Top of RECORDS FOR THIS EXERCISE

text \<open>For products, (s/t)(u/v) = (su)/(tv) is again a leaf.\<close>
lemma smf_repr_times: "smf_repr V a \<Longrightarrow> smf_repr W b \<Longrightarrow> smf_repr (V \<union> W) (a * b)"
proof (rule smf_repr_binop[where f = times])
  show "meadow_if x a b * c = meadow_if x (a * c) (b * c)"
    and "c * meadow_if x a b = meadow_if x (c * a) (c * b)" for x a b c :: "'a free_meadow"
    by (simp_all add: meadow_if_def algebra_simps)
  show "smf_repr (mvars s \<union> mvars t \<union> mvars u \<union> mvars v) (ev s / ev t * (ev u / ev v))"
    if "polynomial s" "polynomial t" "polynomial u" "polynomial v" for s t u v
    using smf_repr_leaf[of "MMul s u" "MMul t v"] that
    by (auto simp: meadow_divide meadow_inverse_mult ac_simps Un_ac)
qed

text \<open>For sums, two leaves combine into a tree of depth two (see meadow_divide_add).\<close>
lemma smf_repr_plus: "smf_repr V a \<Longrightarrow> smf_repr W b \<Longrightarrow> smf_repr (V \<union> W) (a + b)"
proof (rule smf_repr_binop[where f = plus])
  show "meadow_if x a b + c = meadow_if x (a + c) (b + c)"
    and "c + meadow_if x a b = meadow_if x (c + a) (c + b)" for x a b c :: "'a free_meadow"
    by (simp_all add: meadow_if_def algebra_simps)
  fix s t u v :: "'v mterm"
  assume polys: "polynomial s" "polynomial t" "polynomial u" "polynomial v"
  let ?V = "mvars s \<union> mvars t \<union> mvars u \<union> mvars v"
  have zero: "smf_repr {} 0"
    using smf_repr_leaf[of MZero MOne] by simp
  have "smf_repr (mvars (MAdd (MMul s v) (MMul u t)) \<union> mvars (MMul t v))
      (ev (MAdd (MMul s v) (MMul u t)) / ev (MMul t v))"
    by (rule smf_repr_leaf) (simp_all add: polys)
  then have "smf_repr ?V (ev (MAdd (MMul s v) (MMul u t)) / ev (MMul t v))"
    by (rule smf_repr_mono) auto
  then have cross: "smf_repr ?V ((ev s * ev v + ev u * ev t) / (ev t * ev v))"
    by simp
  have "smf_repr (mvars v \<union> {} \<union> (mvars u \<union> mvars v)) (meadow_if (ev v) 0 (ev u / ev v))"
    by (rule smf_repr_node[OF polys(4) zero smf_repr_leaf[OF polys(3,4)]])
  then have "smf_repr ?V (meadow_if (ev v) 0 (ev u / ev v))"
    by (rule smf_repr_mono) auto
  moreover have "smf_repr ?V
      (meadow_if (ev v) (ev s / ev t) ((ev s * ev v + ev u * ev t) / (ev t * ev v)))"
    using smf_repr_node[OF polys(4) smf_repr_leaf[OF polys(1,2)] cross]
    by (rule smf_repr_mono) auto
  ultimately have "smf_repr (mvars t \<union> ?V \<union> ?V) (meadow_if (ev t)
      (meadow_if (ev v) 0 (ev u / ev v))
      (meadow_if (ev v) (ev s / ev t) ((ev s * ev v + ev u * ev t) / (ev t * ev v))))"
    by (rule smf_repr_node[OF polys(2)])
  then show "smf_repr ?V (ev s / ev t + ev u / ev v)"
    unfolding meadow_divide_add by (rule smf_repr_mono) auto
qed

lemma smf_repr_ev: "smf_repr (mvars P) (ev P)"
proof (induction P)
  case (MVar x)
  show ?case using smf_repr_leaf[of "MVar x" MOne] by simp
next
  case MZero
  show ?case using smf_repr_leaf[of MZero MOne] by simp
next
  case MOne
  show ?case using smf_repr_leaf[of MOne MOne] by simp
qed (auto intro: smf_repr_plus smf_repr_times smf_repr_uminus smf_repr_inverse)

theorem theorem1:
  fixes P :: "'v mterm"
  shows "\<exists>Q. SMF Q \<and> mvars Q \<subseteq> mvars P \<and> md_eq P Q"
proof -
  obtain Q where "SMF Q" "mvars Q \<subseteq> mvars P" "ev Q = ev P"
    using smf_repr_ev[of P] unfolding smf_repr_def by blast
  then show ?thesis
    by (intro exI[of _ Q]) (simp add: md_eq_iff_ev)
qed

end
(* If $D$ is a quaternary near-extremal Hermitian self-dual code of length $24$ and $\alpha$ denotes the number of codewords of weight $8$ in $D$, then $\alpha=9\beta$ for some integer $\beta$ with $1\le\beta\le 253$.
   Context: Let $\mathbb{F}_4=\{0,1,\omega,\omega^2\}$ with $\omega^2=\omega+1$. A quaternary code of length $n$ is a linear subspace of $\mathbb{F}_4^n$; it is Hermitian self-dual if it equals its dual with respect to $\langle x,y\rangle_H=\sum_k x_k y_k^2$. The weight of a vector is the number of nonzero coordinates. A quaternary Hermitian self-dual code of length $24$ is near-extremal if its minimum nonzero weight is $8$. *)

theory Defs
  imports Main
begin

text \<open>The field F4 = {0,1,w,w^2} with w^2 = w + 1, given by explicit operation tables.\<close>

datatype f4 = F0 | F1 | Fw | Fw2

fun f4_add :: "f4 \<Rightarrow> f4 \<Rightarrow> f4" where
  "f4_add F0 y = y"
| "f4_add x F0 = x"
| "f4_add F1 F1 = F0"
| "f4_add F1 Fw = Fw2"
| "f4_add F1 Fw2 = Fw"
| "f4_add Fw F1 = Fw2"
| "f4_add Fw Fw = F0"
| "f4_add Fw Fw2 = F1"
| "f4_add Fw2 F1 = Fw"
| "f4_add Fw2 Fw = F1"
| "f4_add Fw2 Fw2 = F0"

fun f4_mul :: "f4 \<Rightarrow> f4 \<Rightarrow> f4" where
  "f4_mul F0 y = F0"
| "f4_mul x F0 = F0"
| "f4_mul F1 y = y"
| "f4_mul x F1 = x"
| "f4_mul Fw Fw = Fw2"
| "f4_mul Fw Fw2 = F1"
| "f4_mul Fw2 Fw = F1"
| "f4_mul Fw2 Fw2 = Fw"

definition f4_vecs :: "nat \<Rightarrow> (nat \<Rightarrow> f4) set" where
  "f4_vecs n = {x. \<forall>i\<ge>n. x i = F0}"

definition vzero :: "nat \<Rightarrow> f4" where
  "vzero = (\<lambda>i. F0)"

definition vadd :: "(nat \<Rightarrow> f4) \<Rightarrow> (nat \<Rightarrow> f4) \<Rightarrow> (nat \<Rightarrow> f4)" where
  "vadd x y = (\<lambda>i. f4_add (x i) (y i))"

definition vsmult :: "f4 \<Rightarrow> (nat \<Rightarrow> f4) \<Rightarrow> (nat \<Rightarrow> f4)" where
  "vsmult a x = (\<lambda>i. f4_mul a (x i))"

definition quaternary_code :: "nat \<Rightarrow> (nat \<Rightarrow> f4) set \<Rightarrow> bool" where
  "quaternary_code n C \<longleftrightarrow> C \<subseteq> f4_vecs n \<and> vzero \<in> C \<and>
     (\<forall>x\<in>C. \<forall>y\<in>C. vadd x y \<in> C) \<and> (\<forall>a. \<forall>x\<in>C. vsmult a x \<in> C)"

definition herm_ip :: "nat \<Rightarrow> (nat \<Rightarrow> f4) \<Rightarrow> (nat \<Rightarrow> f4) \<Rightarrow> f4" where
  "herm_ip n x y = foldr (\<lambda>k acc. f4_add (f4_mul (x k) (f4_mul (y k) (y k))) acc) [0..<n] F0"

definition herm_dual :: "nat \<Rightarrow> (nat \<Rightarrow> f4) set \<Rightarrow> (nat \<Rightarrow> f4) set" where
  "herm_dual n C = {y \<in> f4_vecs n. \<forall>x\<in>C. herm_ip n x y = F0}"

definition herm_self_dual :: "nat \<Rightarrow> (nat \<Rightarrow> f4) set \<Rightarrow> bool" where
  "herm_self_dual n C \<longleftrightarrow> quaternary_code n C \<and> C = herm_dual n C"

definition wt :: "nat \<Rightarrow> (nat \<Rightarrow> f4) \<Rightarrow> nat" where
  "wt n x = card {i. i < n \<and> x i \<noteq> F0}"

definition min_weight :: "nat \<Rightarrow> (nat \<Rightarrow> f4) set \<Rightarrow> nat \<Rightarrow> bool" where
  "min_weight n C d \<longleftrightarrow> (\<exists>x\<in>C. x \<noteq> vzero \<and> wt n x = d) \<and>
     (\<forall>x\<in>C. x \<noteq> vzero \<longrightarrow> d \<le> wt n x)"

Bottom of RECORDS FOR THIS EXERCISE

BRIEF:
Every line in the data that holds the string "cross" should be copied.

COMPLETED EXERCISE:
  then have cross: "smf_repr ?V ((ev s * ev v + ev u * ev t) / (ev t * ev v))"
    using smf_repr_node[OF polys(4) smf_repr_leaf[OF polys(1,2)] cross]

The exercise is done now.